Соколова зарыдала, и, когда ее лицо вновь появилось в кадре, оно выглядело постаревшим, губы – тонкими, а взгляд – горьким.

– У вас есть фото того, что он сделал с Юлей? Я хочу посмотреть.

Когда экран, подобно сказочному зеркалу, раскололся на две половины – живую и мертвую, – она прижала руки ко рту, словно сдерживая крик. И наконец выдавила из себя:

– Я никому не сказала о том, что случилось, даже маме. И так боялась его, что даже на свадьбе, где он ухмылялся, сидя напротив меня, не подала виду. А потом каждый миг надеялась, что он умер. Себя тоже убить хотелось.

Глеб помотал головой:

– После Юлии он убил в подвале в двух шагах от Волжской мою невесту.

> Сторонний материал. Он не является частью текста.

(* Let $G$ be a GP 2 host graph (node labels arbitrary lists) such that every node is marked grey, exactly one node $r$ is a root, every edge is unmarked and labelled with an integer (its weight), and there are no loops. Then the execution of the GP 2 program bellman-ford on $G$ terminates, and: if $G$ contains a directed cycle whose sum of edge labels is negative and which is reachable by a directed path from $r$, the program fails; otherwise it returns the graph obtained from $G$ by (1) appending to the label of each node $v$ reachable from $r$ by a directed path the minimum, over all directed paths from $r$ to $v$, of the sum of the edge labels along the path (this is $0$ for $v=r$), (2) appending the string "f" to the label of every other node, and (3) marking all edges blue.
   Context: GP 2 semantics. Host graphs are finite directed graphs whose nodes and edges carry labels (lists of integers and strings; "x:s" denotes the list x followed by the atom s) and marks (nodes: unmarked, red, green, blue, grey; edges: unmarked, red, green, blue, dashed); some nodes are roots. A rule (with typed variables, here list variables x,y and integer variables i,s,t,w) is applied by finding an injective match of its left-hand side compatible with labels (for some instantiation of variables of the right types) and marks (mark "any" matches every mark; roots match roots), satisfying the dangling condition (a left-hand node that is not kept must have no incident edges outside the match) and the rule's condition, then deleting/changing/adding items as prescribed by the right-hand side. Commands: a rule set call $\{r_1,\dots,r_k\}$ applies one applicable rule, failing if none applies; $P;Q$ sequencing (failure of $P$ or $Q$ makes $P;Q$ fail); $P!$ iterates $P$ until it fails, returning the graph on which $P$ was last entered; "try $C$ then $P$ else $Q$" runs $C$ and continues with $P$ on its result if it succeeded, else $Q$ on the original graph (missing branches do nothing); "if $C$ then $P$ else $Q$" runs $C$ on a copy then $P$ (if $C$ succeeded) or $Q$ on the original; fail causes failure. The program bellman-ford: Main = set_counter; count!; (decrement; Relax!; Clean!)!; Final Relax = root1; try no_deg else ((unmarked_edge; try {unvisited, reduce}; finish)!; unroot1) Clean = root2; unmark_edge!; unroot2 Final = (root1; (unmarked_edge; if reduce then set_flag; finish)!; unroot1)!; if flag then fail; delete_counter; no_deg_inv! Rules (edges directed from node 1 to node 2; labels unchanged unless stated): - set_counter(x): a grey root labelled x becomes a blue non-root labelled x:0; a new green non-root node labelled 0 is created, with a new dashed edge (empty label) from it to node 1. - count(x; i): a grey node 1 labelled x and a green node 2 labelled i; node 1 becomes blue labelled x:"f", node 2 gets label i+1. - decrement(i): a green node labelled i, where i>0; its label becomes i−1. - root1(x): a blue node becomes a blue root. - no_deg(x): a blue root labelled x is deleted (so by the dangling condition only if it has no incident edges) and replaced by an unmarked non-root node labelled x. - unmarked_edge: blue root 1, node 2 of any mark, unmarked edge 1→2; the edge becomes red. - unvisited(x,y; s,w): blue root 1 labelled x:s, node 2 (any mark) labelled y:"f", red edge 1→2 labelled w; node 2's label becomes y:(s+w). - reduce(x,y; s,t,w): blue root 1 labelled x:s, node 2 (any mark) labelled y:t, red edge 1→2 labelled w, condition s+w<t; node 2's label becomes y:(s+w). - finish: blue root 1, node 2 any mark, red edge 1→2; edge becomes blue. - unroot1: blue root becomes a grey non-root. - root2: grey node becomes a blue root. - unmark_edge: blue root 1, node 2 any mark, blue edge 1→2; edge becomes unmarked. - unroot2: blue root becomes a blue non-root. - set_flag(x): a green node; its label becomes −1. - flag(): a green node labelled −1; no change (test). - delete_counter(x,y): a grey node 1 labelled x, a green node labelled y and a dashed edge from the green node to node 1; the green node and dashed edge are deleted and node 1 becomes a grey root. - no_deg_inv(x): an unmarked node becomes grey. *)

theory Defs
  imports Main
begin

datatype atom = AInt int | AStr string
type_synonym label = "atom list"

datatype nmark = NUnmarked | NRed | NGreen | NBlue | NGrey
datatype emark = EUnmarked | ERed | EGreen | EBlue | EDashed

text \<open>A host graph. Items are natural numbers; the functions are only relevant
  on the node set / edge set (values outside are junk and ignored by isomorphism).\<close>
record hgraph =
  nodes :: "nat set"
  edges :: "nat set"
  src :: "nat \<Rightarrow> nat"
  tgt :: "nat \<Rightarrow> nat"
  nlab :: "nat \<Rightarrow> label"
  nmark :: "nat \<Rightarrow> nmark"
  isroot :: "nat \<Rightarrow> bool"
  elab :: "nat \<Rightarrow> label"
  emark :: "nat \<Rightarrow> emark"

definition wf_hgraph :: "hgraph \<Rightarrow> bool" where
  "wf_hgraph G \<longleftrightarrow> finite (nodes G) \<and> finite (edges G) \<and>
     (\<forall>e\<in>edges G. src G e \<in> nodes G \<and> tgt G e \<in> nodes G)"

definition iso :: "hgraph \<Rightarrow> hgraph \<Rightarrow> bool" where
  "iso G H \<longleftrightarrow> (\<exists>f g. bij_betw f (nodes G) (nodes H) \<and> bij_betw g (edges G) (edges H) \<and>
     (\<forall>e\<in>edges G. src H (g e) = f (src G e) \<and> tgt H (g e) = f (tgt G e) \<and>
                    elab H (g e) = elab G e \<and> emark H (g e) = emark G e) \<and>
     (\<forall>v\<in>nodes G. nlab H (f v) = nlab G v \<and> nmark H (f v) = nmark G v \<and>
                    isroot H (f v) = isroot G v))"

datatype rule =
  set_counter | count | decrement | root1 | no_deg | unmarked_edge | unvisited | reduce
  | finish | unroot1 | root2 | unmark_edge | unroot2 | set_flag | flag | delete_counter
  | no_deg_inv
(* Let $M\ge 2$ and let $0<\gamma_1<\gamma_2<\cdots<\gamma_M$ be real numbers. For $\mathbf{p}=(p_1,\dots,p_M)^T\in\mathbb{R}_{\ge 0}^M$ define $$R_{\mathrm{sum}}(\mathbf{p})=\sum_{i=1}^{M}\log_2\left[1+\frac{p_i\gamma_i}{\sum_{j=i+1}^{M}p_j\gamma_i+1}\right]$$ (an empty sum being $0$). Then $R_{\mathrm{sum}}$ is a strictly concave function of $\mathbf{p}$ on $\mathbb{R}_{\ge 0}^M$.
   Context: This is the sum-rate (over a unit-bandwidth resource block) of an $M$-user downlink power-domain NOMA cluster in which user $i$ has normalized channel power gain $\gamma_i$ (channel gain divided by noise power) and transmit power $p_i$, and successive interference cancellation is performed in ascending order of channel gains: user $i$ cancels the signals of users $1,\dots,i-1$ and treats the signals of users $i+1,\dots,M$ as interference. *)

theory Defs
  imports "HOL-Analysis.Analysis"
begin

text \<open>Vectors in R^M are represented as functions nat => real, components indexed by {1..M};
  the nonnegative orthant additionally requires all components outside {1..M} to be zero,
  so that points of the orthant correspond bijectively to vectors in R^M.\<close>

definition nonneg_orthant :: "nat \<Rightarrow> (nat \<Rightarrow> real) set" where
  "nonneg_orthant M = {p. (\<forall>i\<in>{1..M}. 0 \<le> p i) \<and> (\<forall>i. i \<notin> {1..M} \<longrightarrow> p i = 0)}"

definition strictly_concave_on :: "(nat \<Rightarrow> real) set \<Rightarrow> ((nat \<Rightarrow> real) \<Rightarrow> real) \<Rightarrow> bool" where
  "strictly_concave_on S f \<longleftrightarrow>
     (\<forall>x\<in>S. \<forall>y\<in>S. \<forall>t::real. 0 \<le> t \<and> t \<le> 1 \<longrightarrow> (\<lambda>i. t * x i + (1 - t) * y i) \<in> S) \<and>
     (\<forall>x\<in>S. \<forall>y\<in>S. x \<noteq> y \<longrightarrow> (\<forall>t::real. 0 < t \<and> t < 1 \<longrightarrow>
        f (\<lambda>i. t * x i + (1 - t) * y i) > t * f x + (1 - t) * f y))"

definition R_sum :: "nat \<Rightarrow> (nat \<Rightarrow> real) \<Rightarrow> (nat \<Rightarrow> real) \<Rightarrow> real" where
  "R_sum M \<gamma> p = (\<Sum>i = 1..M. log 2 (1 + p i * \<gamma> i / ((\<Sum>j = i + 1..M. p j * \<gamma> i) + 1)))"

end

theory Submission
  imports Defs
begin

text \<open>With the tail powers \<open>S\<^sub>i = p\<^sub>i + \<dots> + p\<^sub>M\<close> and \<open>\<gamma>\<^sub>0 = 0\<close>, the rate of user \<open>i\<close> is
  \<open>log\<^sub>2 (1 + \<gamma>\<^sub>i S\<^sub>i) - log\<^sub>2 (1 + \<gamma>\<^sub>i S\<^sub>i\<^sub>+\<^sub>1)\<close>; regrouping the telescoping sum by \<open>S\<^sub>i\<close> gives
  \<open>R\<^sub>s\<^sub>u\<^sub>m = \<Sum>\<^sub>i log\<^sub>2 ((1 + \<gamma>\<^sub>i S\<^sub>i) / (1 + \<gamma>\<^sub>i\<^sub>-\<^sub>1 S\<^sub>i))\<close>.
  Since \<open>\<gamma>\<^sub>i\<^sub>-\<^sub>1 < \<gamma>\<^sub>i\<close>, each map \<open>s \<mapsto> (1 + a s) / (1 + b s)\<close> is concave and injective on \<open>s \<ge> 0\<close>,
  so its logarithm is strictly concave. Finally \<open>p \<mapsto> (S\<^sub>1, \<dots>, S\<^sub>M)\<close> is linear and injective,
  so distinct points differ in some \<open>S\<^sub>i\<close>, which makes the concavity inequality strict.\<close>

lemma ln_less_minus_one: "0 < x \<Longrightarrow> x \<noteq> 1 \<Longrightarrow> ln x < x - 1"
  for x :: real
  using ln_le_minus_one ln_eq_minus_one by fastforce
(* Let $G=(V,E)$ be a finite simple strongly connected directed graph. Then the polynomial $\det(L)$ divides $\det(\mathcal L)$.
   Context: $x_e$ ($e\in E$), $y_v$ ($v\in V$) are indeterminates; $Q_{vw}=x_e$ for an edge $e$ from $v\neq w$ to $w$ (else $0$), $Q_{vv}=-\sum_{s(e)=v}x_e$; $L=Q+\mathrm{diag}(y_v)$. A spanning tree of $G$ is a subgraph on all vertices with no cycle, one vertex (root) of outdegree $0$ and all others of outdegree $1$. The tree graph $\mathcal TG$: vertices are spanning trees; for a tree $\mathbf a$ rooted at $r$ and $e$ with $s(e)=r$, adding $e$ and deleting the edge of $\mathbf a$ going out of $t(e)$ gives a tree $\mathbf b$ and an edge $\mathbf a\to\mathbf b$ of weight $x_e$. $\mathcal L$ is the matrix indexed by spanning trees with $\mathcal L_{\mathbf a\mathbf b}=x_e$ for such edges, $0$ for other off-diagonal entries, and $\mathcal L_{\mathbf a\mathbf a}=-\sum_{s(e)=r}x_e+y_r$, $r$ the root of $\mathbf a$. *)

theory Defs
  imports "HOL-Library.Poly_Mapping" "HOL-Combinatorics.Permutations"
begin

text \<open>Multivariate polynomials with integer coefficients in the indeterminates
  x_e (e an edge, encoded as Inl e) and y_v (v a vertex, encoded as Inr v):
  finitely supported maps from monomials (finitely supported exponent vectors)
  to coefficients.\<close>

type_synonym 'v gpoly = "((('v \<times> 'v) + 'v) \<Rightarrow>\<^sub>0 nat) \<Rightarrow>\<^sub>0 int"
lemma large_if_theta_less_theta_min:
  assumes "\<theta> G < \<theta>\<^sub>m\<^sub>i\<^sub>n"
  shows "3 / (4*p*\<theta>\<^sub>m\<^sub>i\<^sub>n^2) \<le> G"
proof -
  have "thetabar L mu p G < \<theta>\<^sub>m\<^sub>i\<^sub>n"
    using assms unfolding theta_step_def by simp
  then have "1 - p*\<theta>\<^sub>m\<^sub>i\<^sub>n \<le> p*G*\<theta>\<^sub>m\<^sub>i\<^sub>n^2"
    using p_theta_min_le quad_pos_above_thetabar[OF G_pos]
    by (intro one_minus_le_of_quad_nonneg[OF G_pos]) (auto intro: less_imp_le)
  then have "3/4 \<le> G * (p*\<theta>\<^sub>m\<^sub>i\<^sub>n^2)"
    using p_theta_min_le by (simp add: algebra_simps)
  then show ?thesis
    using p_pos theta_min_pos by (simp add: divide_le_eq mult.commute)
qed

lemma p_theta_sq_ge:
  assumes "1 / (4*p*\<theta>\<^sub>m\<^sub>i\<^sub>n^2) \<le> G"
  shows "1/4 \<le> p * (\<theta> G)^2 * G"
proof (cases "thetabar L mu p G \<le> \<theta>\<^sub>m\<^sub>i\<^sub>n")
  case True
  then have u: "\<theta> G = thetabar L mu p G" unfolding theta_step_def by simp
  have "1 - p * \<theta> G \<le> p * G * (\<theta> G)^2"
    unfolding u using quad_thetabar[OF G_pos] p_thetabar_less_1[OF G_pos]
    by (intro one_minus_le_of_quad_nonneg[OF G_pos]) auto
  then show ?thesis using p_theta_le by (simp add: algebra_simps)
next
  case False
  then have "\<theta> G = \<theta>\<^sub>m\<^sub>i\<^sub>n" unfolding theta_step_def by simp
  then show ?thesis
    using assms p_pos theta_min_pos by (simp add: divide_le_eq algebra_simps)
qed

lemma sqrt_step_ge:
  assumes "1 / (4*p*\<theta>\<^sub>m\<^sub>i\<^sub>n^2) \<le> G"
  shows "sqrt G + sqrt p / 4 \<le> sqrt (G + \<gamma> G)"
proof -
  define H where "H = G + \<gamma> G"
  have "G \<le> H" unfolding H_def using gamma_nonneg by simp
  have "p * (\<theta> G)^2 * G \<le> p * (\<theta> G)^2 * H"
    using \<open>G \<le> H\<close> p_pos by (intro mult_left_mono) auto
  then have "1/4 \<le> p * (\<theta> G)^2 * H"
    using p_theta_sq_ge[OF assms] by linarith
  then have "p / 4 \<le> p * (p * (\<theta> G)^2 * H)"
    using mult_left_mono[of "1/4" _ p] p_pos by simp
  also have "\<dots> = (p * \<theta> G * sqrt H)^2"
    using G_pos \<open>G \<le> H\<close> by (simp add: power_mult_distrib power2_eq_square)
  finally have "sqrt (p / 4) \<le> sqrt ((p * \<theta> G * sqrt H)^2)"
    by (rule real_sqrt_le_mono)
  then have "sqrt p / 2 \<le> p * \<theta> G * sqrt H"
    using p_pos theta_pos G_pos \<open>G \<le> H\<close> by (simp add: real_sqrt_divide)
  also have "\<dots> = 2 * ((H - G) / (2 * sqrt H))"
    using G_pos \<open>G \<le> H\<close> gamma_eq unfolding H_def by (simp add: field_simps real_div_sqrt)
  also have "\<dots> \<le> 2 * (sqrt H - sqrt G)"
    using G_pos \<open>G \<le> H\<close> by (intro mult_left_mono sqrt_diff_ge) auto
  finally show ?thesis unfolding H_def by simp
qed

end

end

locale rate_sequence = rate_setting +
  fixes G0 :: real
  assumes G0_pos: "G0 > 0"
begin

abbreviation \<Gamma> where "\<Gamma> t \<equiv> Gam L mu p alpha tau beta G0 t"

lemma Gamma_pos: "0 < \<Gamma> t"
  by (induction t) (simp_all add: G0_pos add_pos_nonneg gamma_nonneg)

lemma Gamma_le_Suc: "\<Gamma> t \<le> \<Gamma> (Suc t)"
  using gamma_nonneg[OF Gamma_pos] by simp

lemma incseq_Gamma: "incseq \<Gamma>"
  using Gamma_le_Suc by (rule incseq_SucI)

lemma decseq_theta_Gamma: "decseq (\<lambda>t. \<theta> (\<Gamma> t))"
proof (rule decseq_SucI)
  fix t
  have "thetabar L mu p (\<Gamma> (Suc t)) \<le> thetabar L mu p (\<Gamma> t)"
    by (rule thetabar_antimono[OF Gamma_pos Gamma_le_Suc])
  then show "\<theta> (\<Gamma> (Suc t)) \<le> \<theta> (\<Gamma> t)"
    unfolding theta_step_def by (auto intro: min.mono)
qed

lemma Gamma_ge_exp: "G0 * exp (real t * min (sqrt (p*mu / (4*L))) (p * \<theta>\<^sub>m\<^sub>i\<^sub>n)) \<le> \<Gamma> t"
proof (induction t)
  case (Suc t)
  let ?m = "min (sqrt (p*mu / (4*L))) (p * \<theta>\<^sub>m\<^sub>i\<^sub>n)"
  have "G0 * exp (real (Suc t) * ?m) = G0 * exp (real t * ?m) * exp ?m"
    by (simp add: algebra_simps flip: exp_add)
  also have "\<dots> \<le> \<Gamma> t * exp (p * \<theta> (\<Gamma> t))"
    using Suc min_rate_le_p_theta[OF Gamma_pos] less_imp_le[OF Gamma_pos]
    by (intro mult_mono) auto
  also have "\<dots> \<le> \<Gamma> (Suc t)"
    using exp_step_le[OF Gamma_pos] by simp
  finally show ?case .
qed simp

lemma Gamma_ge_min_exp:
  "min (G0 * exp (real t * p * \<theta>\<^sub>m\<^sub>i\<^sub>n)) (3 / (4*p*\<theta>\<^sub>m\<^sub>i\<^sub>n^2)) \<le> \<Gamma> t"
proof (induction t)
  case (Suc t)
  let ?c = "3 / (4*p*\<theta>\<^sub>m\<^sub>i\<^sub>n^2)" and ?e = "exp (p * \<theta>\<^sub>m\<^sub>i\<^sub>n)"
  show ?case
  proof (cases "\<theta> (\<Gamma> t) < \<theta>\<^sub>m\<^sub>i\<^sub>n")
    case True
    then have "?c \<le> \<Gamma> t"
      by (rule large_if_theta_less_theta_min[OF Gamma_pos])
    then show ?thesis
      using Gamma_le_Suc[of t] by (simp add: min.coboundedI2)
  next
    case False
    then have theta_eq: "\<theta> (\<Gamma> t) = \<theta>\<^sub>m\<^sub>i\<^sub>n"
      using theta_le_theta_min[of "\<Gamma> t"] by simp
    have c_le: "?c * 1 \<le> ?c * ?e"
      using p_pos theta_min_pos by (intro mult_left_mono) auto
    have "G0 * exp (real (Suc t) * p * \<theta>\<^sub>m\<^sub>i\<^sub>n) = G0 * exp (real t * p * \<theta>\<^sub>m\<^sub>i\<^sub>n) * ?e"
      by (simp add: algebra_simps flip: exp_add)
    then have "min (G0 * exp (real (Suc t) * p * \<theta>\<^sub>m\<^sub>i\<^sub>n)) ?c
        \<le> min (G0 * exp (real t * p * \<theta>\<^sub>m\<^sub>i\<^sub>n) * ?e) (?c * ?e)"
      using c_le by (intro min.mono) (simp_all only: mult_1_right order_refl)
    also have "\<dots> = min (G0 * exp (real t * p * \<theta>\<^sub>m\<^sub>i\<^sub>n)) ?c * ?e"
      by (simp add: min_mult_distrib_right)
    also have "\<dots> \<le> \<Gamma> t * ?e"
      using Suc by (intro mult_right_mono) auto
    also have "\<dots> \<le> \<Gamma> (Suc t)"
      using exp_step_le[OF Gamma_pos[of t]] theta_eq by simp
    finally show ?thesis .
  qed
qed simp

lemma Gamma_ge_half_exp:
  assumes "G0 * exp (real t * p * \<theta>\<^sub>m\<^sub>i\<^sub>n) \<le> 1 / (2*p*\<theta>\<^sub>m\<^sub>i\<^sub>n^2)"
  shows "G0 / 2 * exp (real t * p * \<theta>\<^sub>m\<^sub>i\<^sub>n) \<le> \<Gamma> t"
proof -
  have "G0 / 2 * exp (real t * p * \<theta>\<^sub>m\<^sub>i\<^sub>n)
      \<le> min (G0 * exp (real t * p * \<theta>\<^sub>m\<^sub>i\<^sub>n)) (3 / (4*p*\<theta>\<^sub>m\<^sub>i\<^sub>n^2))"
    using assms p_pos theta_min_pos G0_pos by (simp add: field_simps)
  then show ?thesis
    using Gamma_ge_min_exp[of t] by linarith
qed

lemma Gamma_ge_threshold:
  assumes "1 / (2*p*\<theta>\<^sub>m\<^sub>i\<^sub>n^2) \<le> G0 * exp (real t * p * \<theta>\<^sub>m\<^sub>i\<^sub>n)"
  shows "1 / (4*p*\<theta>\<^sub>m\<^sub>i\<^sub>n^2) \<le> \<Gamma> t"
proof -
  have "1 / (4*p*\<theta>\<^sub>m\<^sub>i\<^sub>n^2) \<le> 1 / (2*p*\<theta>\<^sub>m\<^sub>i\<^sub>n^2)"
    and "1 / (4*p*\<theta>\<^sub>m\<^sub>i\<^sub>n^2) \<le> 3 / (4*p*\<theta>\<^sub>m\<^sub>i\<^sub>n^2)"
    using p_pos theta_min_pos by (simp_all add: field_simps)
  then show ?thesis
    using assms Gamma_ge_min_exp[of t] by linarith
qed

lemma sqrt_Gamma_growth:
  assumes "1 / (4*p*\<theta>\<^sub>m\<^sub>i\<^sub>n^2) \<le> \<Gamma> n"
  shows "sqrt (\<Gamma> n) + real k * sqrt p / 4 \<le> sqrt (\<Gamma> (n + k))"
proof (induction k)
  case (Suc k)
  have "1 / (4*p*\<theta>\<^sub>m\<^sub>i\<^sub>n^2) \<le> \<Gamma> (n + k)"
    using assms incseq_Gamma by (meson incseq_def le_add1 order_trans)
  then have "sqrt (\<Gamma> (n + k)) + sqrt p / 4 \<le> sqrt (\<Gamma> (n + Suc k))"
    using sqrt_step_ge[OF Gamma_pos] by simp
  then show ?case
    using Suc by (simp add: algebra_simps add_divide_distrib)
qed simp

– Лиза была выдающимся программистом и боролась против сексуального рабства детей и женщин, – добавил Банин.

– Пожалуйста, – тихо сказал Глеб, – расскажите, что сделал и где может скрываться Тевс.

– Максим? – не поняла Соколова. – Вы считаете, что на последнем курсе психфака меня изнасиловал Максим Тевс?

Молодые люди кивнули.

– Да нет же! Меня позвал, чтобы обсудить статью в престижном ваковском сборнике, всеми обожаемая звезда курса Егор Слепокуров! И в наказании Чокер тоже принимал участие он! Мои информанты об этом говорили! Что уж он там сделал, чтобы запугать Макса, заставить его опубликовать все это в четверг, а потом уехать на войну, один бог ведает. Но чудовище, которого я боялась все эти годы, – Егор Слепокуров!..

* * *

Озеркина выходила из комнаты, чтобы принять звонок редактора («Извините, у меня тоже служба!»), и Гуров прочел все сообщения от Назарова и Озеркина с Баниным, ответив последним: «Проверьте список убитых, составленный Юлией. Сопоставьте места преступлений со списком, куда Слепокуров, учась в Самаре и в Саратове, ездил на конференции».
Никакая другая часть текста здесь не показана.